Exercise directions.
Pick every line out of the entries below that has the string "mathbb", and copy it.

(Dataset entries)
»»

(* Let $\phi$ be a good potential on $\mathcal D$ with $\phi>0$, total potential $\Phi$. Let $\boldsymbol x\in\mathcal D^N$, $t>0$, $\boldsymbol p\in\Delta^{N-1}$ with $p_i\propto\partial_x\phi(x_i,t)$ (arbitrary if all these vanish), $\boldsymbol\ell\in\mathbb{R}^N$, $\Delta x_i=\langle\boldsymbol p,\boldsymbol\ell\rangle-\ell_i$, $\Delta t\ge0$, $(\boldsymbol x',t')=(\boldsymbol x+\Delta\boldsymbol x,t+\Delta t)$ and $\boldsymbol\Delta=(\Delta\boldsymbol x,\Delta t)\in\mathbb{R}^{N+1}$. Then there is a point $(\bar{\boldsymbol x},\bar t)$ on the line segment between $(\boldsymbol x,t)$ and $(\boldsymbol x',t')$ such that $$\log\Phi(\boldsymbol x',t')-\log\Phi(\boldsymbol x,t)=-\frac{\sum_{i=1}^N\partial_{xx}\phi(x_i,t)\,\Delta t}{2\,\Phi(\boldsymbol x,t)}+\frac12\nabla^2\log\Phi(\bar{\boldsymbol x},\bar t)[\boldsymbol\Delta,\boldsymbol\Delta].$$ In particular, if $\log\Phi(\boldsymbol x',t')=\log\Phi(\boldsymbol x,t)$, then $$\Delta t=\frac{\Phi(\boldsymbol x,t)\,\nabla^2\log\Phi(\bar{\boldsymbol x},\bar t)[\boldsymbol\Delta,\boldsymbol\Delta]}{\sum_{i=1}^N\partial_{xx}\phi(x_i,t)}.$$
   Context: Good potential: let $\mathcal D=\mathbb{R}$ or $\mathcal D=[y_0,\infty)$, with Euclidean projection $\Pi_{\mathcal D}$. A function $\phi:\mathbb{R}\times[0,\infty)\to\mathbb{R}$ is a good potential on $\mathcal D$ if (1) it is jointly strictly convex, (2) three times differentiable, (3) $\partial_y\phi\ge0$, (4) $\partial_t\phi\le0$, (5) $\lim_{t\to\infty}\phi(y,t)=\inf_{y,t}\phi(y,t)\ge0$, (6) $\phi(\Pi_{\mathcal D}(y),t)\le\phi(y,t)$ for all $y$, and (7) $\partial_t\phi=-\tfrac12\partial_{yy}\phi$. Total potential $\Phi(\boldsymbol x,t)=\sum_{i=1}^N\phi(x_i,t)$. For a twice differentiable $f$, $\nabla^2 f(\boldsymbol z)[\boldsymbol a,\boldsymbol b]=\boldsymbol a^{\mathsf T}\nabla^2 f(\boldsymbol z)\boldsymbol b$. *)

theory Defs
  imports "HOL-Analysis.Analysis"
begin

definition pdom :: "(real \<times> real) set" where
  "pdom = UNIV \<times> {0..}"

definition strictly_convex_on :: "'a::real_vector set \<Rightarrow> ('a \<Rightarrow> real) \<Rightarrow> bool" where
  "strictly_convex_on S f \<longleftrightarrow>
     (\<forall>x\<in>S. \<forall>y\<in>S. \<forall>u::real. x \<noteq> y \<and> 0 < u \<and> u < 1 \<longrightarrow>
        f (u *\<^sub>R x + (1 - u) *\<^sub>R y) < u * f x + (1 - u) * f y)"

definition D1 :: "'a::real_normed_vector set \<Rightarrow> ('a \<Rightarrow> real) \<Rightarrow> 'a \<Rightarrow> 'a \<Rightarrow> real" where
  "D1 S f z a = frechet_derivative f (at z within S) a"

definition D2 :: "'a::real_normed_vector set \<Rightarrow> ('a \<Rightarrow> real) \<Rightarrow> 'a \<Rightarrow> 'a \<Rightarrow> 'a \<Rightarrow> real" where
  "D2 S f z a b = frechet_derivative (\<lambda>w. D1 S f w a) (at z within S) b"

definition thrice_differentiable_on :: "'a::real_normed_vector set \<Rightarrow> ('a \<Rightarrow> real) \<Rightarrow> bool" where
  "thrice_differentiable_on S f \<longleftrightarrow>
     (\<forall>z\<in>S. f differentiable (at z within S)) \<and>
     (\<forall>a. \<forall>z\<in>S. (\<lambda>w. D1 S f w a) differentiable (at z within S)) \<and>
     (\<forall>a b. \<forall>z\<in>S. (\<lambda>w. D2 S f w a b) differentiable (at z within S))"

definition dy :: "(real \<times> real \<Rightarrow> real) \<Rightarrow> real \<Rightarrow> real \<Rightarrow> real" where
  "dy phi y t = D1 pdom phi (y, t) (1, 0)"

definition dt :: "(real \<times> real \<Rightarrow> real) \<Rightarrow> real \<Rightarrow> real \<Rightarrow> real" where
  "dt phi y t = D1 pdom phi (y, t) (0, 1)"

definition dyy :: "(real \<times> real \<Rightarrow> real) \<Rightarrow> real \<Rightarrow> real \<Rightarrow> real" where
  "dyy phi y t = D2 pdom phi (y, t) (1, 0) (1, 0)"

definition admissible_dom :: "real set \<Rightarrow> bool" where
  "admissible_dom D \<longleftrightarrow> D = UNIV \<or> (\<exists>y0. D = {y0..})"

definition good_potential :: "real set \<Rightarrow> (real \<times> real \<Rightarrow> real) \<Rightarrow> bool" where
  "good_potential D phi \<longleftrightarrow>
     admissible_dom D \<and>
     strictly_convex_on pdom phi \<and>
     thrice_differentiable_on pdom phi \<and>
     (\<forall>y. \<forall>t\<ge>0. dy phi y t \<ge> 0) \<and>
     (\<forall>y. \<forall>t\<ge>0. dt phi y t \<le> 0) \<and>
     (\<forall>y. ((\<lambda>t. phi (y, t)) \<longlongrightarrow> Inf (phi ` pdom)) at_top) \<and>
     Inf (phi ` pdom) \<ge> 0 \<and>
     (\<forall>y. \<forall>t\<ge>0. phi (closest_point D y, t) \<le> phi (y, t)) \<and>
     (\<forall>y. \<forall>t\<ge>0. dt phi y t = - (1/2) * dyy phi y t)"

definition total_pot :: "(real \<times> real \<Rightarrow> real) \<Rightarrow> (real^'n) \<times> real \<Rightarrow> real" where
  "total_pot phi z = (\<Sum>i\<in>UNIV. phi (fst z $ i, snd z))"

definition hess :: "('a::real_normed_vector \<Rightarrow> real) \<Rightarrow> 'a \<Rightarrow> 'a \<Rightarrow> 'a \<Rightarrow> real" where
  "hess f z a b = frechet_derivative (\<lambda>w. frechet_derivative f (at w) a) (at z) b"

end

theory Submission
  imports Defs
begin

(*
  On the segment s \<mapsto> (x, t) + s \<Delta>, 0 \<le> s \<le> 1, ln \<Phi> is a twice differentiable real
  function, so Taylor's theorem with Lagrange remainder produces the Hessian term at an
  intermediate point. The first-order term is
  \<Sum>_i (\<Delta>x_i \<partial>_y\<phi>(x_i, t) + \<Delta>t \<partial>_t\<phi>(x_i, t)) / \<Phi>(x, t). Because p is proportional to the
  nonnegative weights \<partial>_y\<phi>(x_i, t), the sum \<Sum>_i \<partial>_y\<phi>(x_i, t) (\<langle>p, l\<rangle> - l_i) vanishes, and
  the heat equation \<partial>_t\<phi> = -\<partial>_yy\<phi> / 2 turns the rest into -\<Delta>t \<Sum>_i \<partial>_yy\<phi>(x_i, t) / 2.
  The second claim is the first solved for \<Delta>t.
*)

definition twice_differentiable_on ::
    "'a::real_normed_vector set \<Rightarrow> ('a \<Rightarrow> 'b::real_normed_vector) \<Rightarrow> bool" where
  "twice_differentiable_on S f \<longleftrightarrow>
     (\<forall>z\<in>S. f differentiable (at z) \<and>
        (\<forall>a. (\<lambda>w. frechet_derivative f (at w) a) differentiable (at z)))"

lemma differentiable_transform_within_open:
  assumes "f differentiable (at x)" "open S" "x \<in> S" "\<And>y. y \<in> S \<Longrightarrow> f y = g y"
  shows "g differentiable (at x)"
  using assms has_derivative_transform_within_open unfolding differentiable_def by metis

lemma frechet_derivative_sum_at:
  assumes "\<And>i. i \<in> I \<Longrightarrow> f i differentiable (at z)"
  shows "frechet_derivative (\<lambda>w. \<Sum>i\<in>I. f i w) (at z) a = (\<Sum>i\<in>I. frechet_derivative (f i) (at z) a)"
proof -
  have "((\<lambda>w. \<Sum>i\<in>I. f i w) has_derivative (\<lambda>a. \<Sum>i\<in>I. frechet_derivative (f i) (at z) a)) (at z)"
    using assms by (intro has_derivative_sum) (simp add: frechet_derivative_works)
  then show ?thesis by (metis frechet_derivative_at)
qed

lemma frechet_derivative_compose_linear:
  assumes "bounded_linear L" "f differentiable (at (L z))"
  shows "frechet_derivative (\<lambda>w. f (L w)) (at z) a = frechet_derivative f (at (L z)) (L a)"
proof -
  have "frechet_derivative L (at z) = L"
    using assms(1) bounded_linear_imp_has_derivative frechet_derivative_at by metis
  moreover have "L differentiable (at z)"
    using assms(1) bounded_linear_imp_differentiable by blast
  ultimately show ?thesis
    using frechet_derivative_compose[of L z f] assms(2) by (simp add: o_def)
qed

lemma frechet_derivative_ln:
  fixes f :: "'a::real_normed_vector \<Rightarrow> real"
  assumes "f differentiable (at z)" "f z > 0"
  shows "frechet_derivative (\<lambda>w. ln (f w)) (at z) a = frechet_derivative f (at z) a / f z"
proof -
  have "((\<lambda>w. ln (f w)) has_derivative (\<lambda>a. frechet_derivative f (at z) a * inverse (f z))) (at z)"
    using assms by (intro has_derivative_ln) (simp_all add: frechet_derivative_works)
  then show ?thesis by (metis frechet_derivative_at divide_inverse)
qed

lemma twice_differentiable_on_compose_linear:
  assumes f: "twice_differentiable_on T f" and L: "bounded_linear L"
    and S: "open S" "L ` S \<subseteq> T"
  shows "twice_differentiable_on S (\<lambda>w. f (L w))"
  unfolding twice_differentiable_on_def
proof (intro ballI allI conjI)
  fix z a assume "z \<in> S"
  then have fz: "f differentiable (at (L z))"
      and f'z: "(\<lambda>w. frechet_derivative f (at w) (L a)) differentiable (at (L z))"
    using f S(2) unfolding twice_differentiable_on_def by blast+
  show "(\<lambda>w. f (L w)) differentiable (at z)"
    using differentiable_compose[where f=f and g=L, OF fz] L bounded_linear_imp_differentiable
    by blast
  have "(\<lambda>w. frechet_derivative f (at (L w)) (L a)) differentiable (at z)"
    using differentiable_compose[where g=L, OF f'z] L bounded_linear_imp_differentiable
    by blast
  then show "(\<lambda>w. frechet_derivative (\<lambda>w. f (L w)) (at w) a) differentiable (at z)"
    by (rule differentiable_transform_within_open[OF _ S(1) \<open>z \<in> S\<close>])
       (use f S(2) L in \<open>auto simp: twice_differentiable_on_def frechet_derivative_compose_linear\<close>)
qed

lemma twice_differentiable_on_sum:
  assumes "finite I" "open S" "\<And>i. i \<in> I \<Longrightarrow> twice_differentiable_on S (f i)"
  shows "twice_differentiable_on S (\<lambda>w. \<Sum>i\<in>I. f i w)"
  unfolding twice_differentiable_on_def
proof (intro ballI allI conjI)
  fix z a assume "z \<in> S"
  with assms(1,3) show "(\<lambda>w. \<Sum>i\<in>I. f i w) differentiable (at z)"
    by (auto simp: twice_differentiable_on_def intro: differentiable_sum)
  from \<open>z \<in> S\<close> assms(1,3) have "(\<lambda>w. \<Sum>i\<in>I. frechet_derivative (f i) (at w) a) differentiable (at z)"
    by (auto simp: twice_differentiable_on_def intro: differentiable_sum)
  then show "(\<lambda>w. frechet_derivative (\<lambda>w. \<Sum>i\<in>I. f i w) (at w) a) differentiable (at z)"
    by (rule differentiable_transform_within_open[OF _ assms(2) \<open>z \<in> S\<close>])
       (use assms(3) in \<open>auto simp: twice_differentiable_on_def frechet_derivative_sum_at\<close>)
qed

««

Written solution.
(* Let $\phi$ be a good potential on $\mathcal D$ with $\phi>0$, total potential $\Phi$. Let $\boldsymbol x\in\mathcal D^N$, $t>0$, $\boldsymbol p\in\Delta^{N-1}$ with $p_i\propto\partial_x\phi(x_i,t)$ (arbitrary if all these vanish), $\boldsymbol\ell\in\mathbb{R}^N$, $\Delta x_i=\langle\boldsymbol p,\boldsymbol\ell\rangle-\ell_i$, $\Delta t\ge0$, $(\boldsymbol x',t')=(\boldsymbol x+\Delta\boldsymbol x,t+\Delta t)$ and $\boldsymbol\Delta=(\Delta\boldsymbol x,\Delta t)\in\mathbb{R}^{N+1}$. Then there is a point $(\bar{\boldsymbol x},\bar t)$ on the line segment between $(\boldsymbol x,t)$ and $(\boldsymbol x',t')$ such that $$\log\Phi(\boldsymbol x',t')-\log\Phi(\boldsymbol x,t)=-\frac{\sum_{i=1}^N\partial_{xx}\phi(x_i,t)\,\Delta t}{2\,\Phi(\boldsymbol x,t)}+\frac12\nabla^2\log\Phi(\bar{\boldsymbol x},\bar t)[\boldsymbol\Delta,\boldsymbol\Delta].$$ In particular, if $\log\Phi(\boldsymbol x',t')=\log\Phi(\boldsymbol x,t)$, then $$\Delta t=\frac{\Phi(\boldsymbol x,t)\,\nabla^2\log\Phi(\bar{\boldsymbol x},\bar t)[\boldsymbol\Delta,\boldsymbol\Delta]}{\sum_{i=1}^N\partial_{xx}\phi(x_i,t)}.$$
   Context: Good potential: let $\mathcal D=\mathbb{R}$ or $\mathcal D=[y_0,\infty)$, with Euclidean projection $\Pi_{\mathcal D}$. A function $\phi:\mathbb{R}\times[0,\infty)\to\mathbb{R}$ is a good potential on $\mathcal D$ if (1) it is jointly strictly convex, (2) three times differentiable, (3) $\partial_y\phi\ge0$, (4) $\partial_t\phi\le0$, (5) $\lim_{t\to\infty}\phi(y,t)=\inf_{y,t}\phi(y,t)\ge0$, (6) $\phi(\Pi_{\mathcal D}(y),t)\le\phi(y,t)$ for all $y$, and (7) $\partial_t\phi=-\tfrac12\partial_{yy}\phi$. Total potential $\Phi(\boldsymbol x,t)=\sum_{i=1}^N\phi(x_i,t)$. For a twice differentiable $f$, $\nabla^2 f(\boldsymbol z)[\boldsymbol a,\boldsymbol b]=\boldsymbol a^{\mathsf T}\nabla^2 f(\boldsymbol z)\boldsymbol b$. *)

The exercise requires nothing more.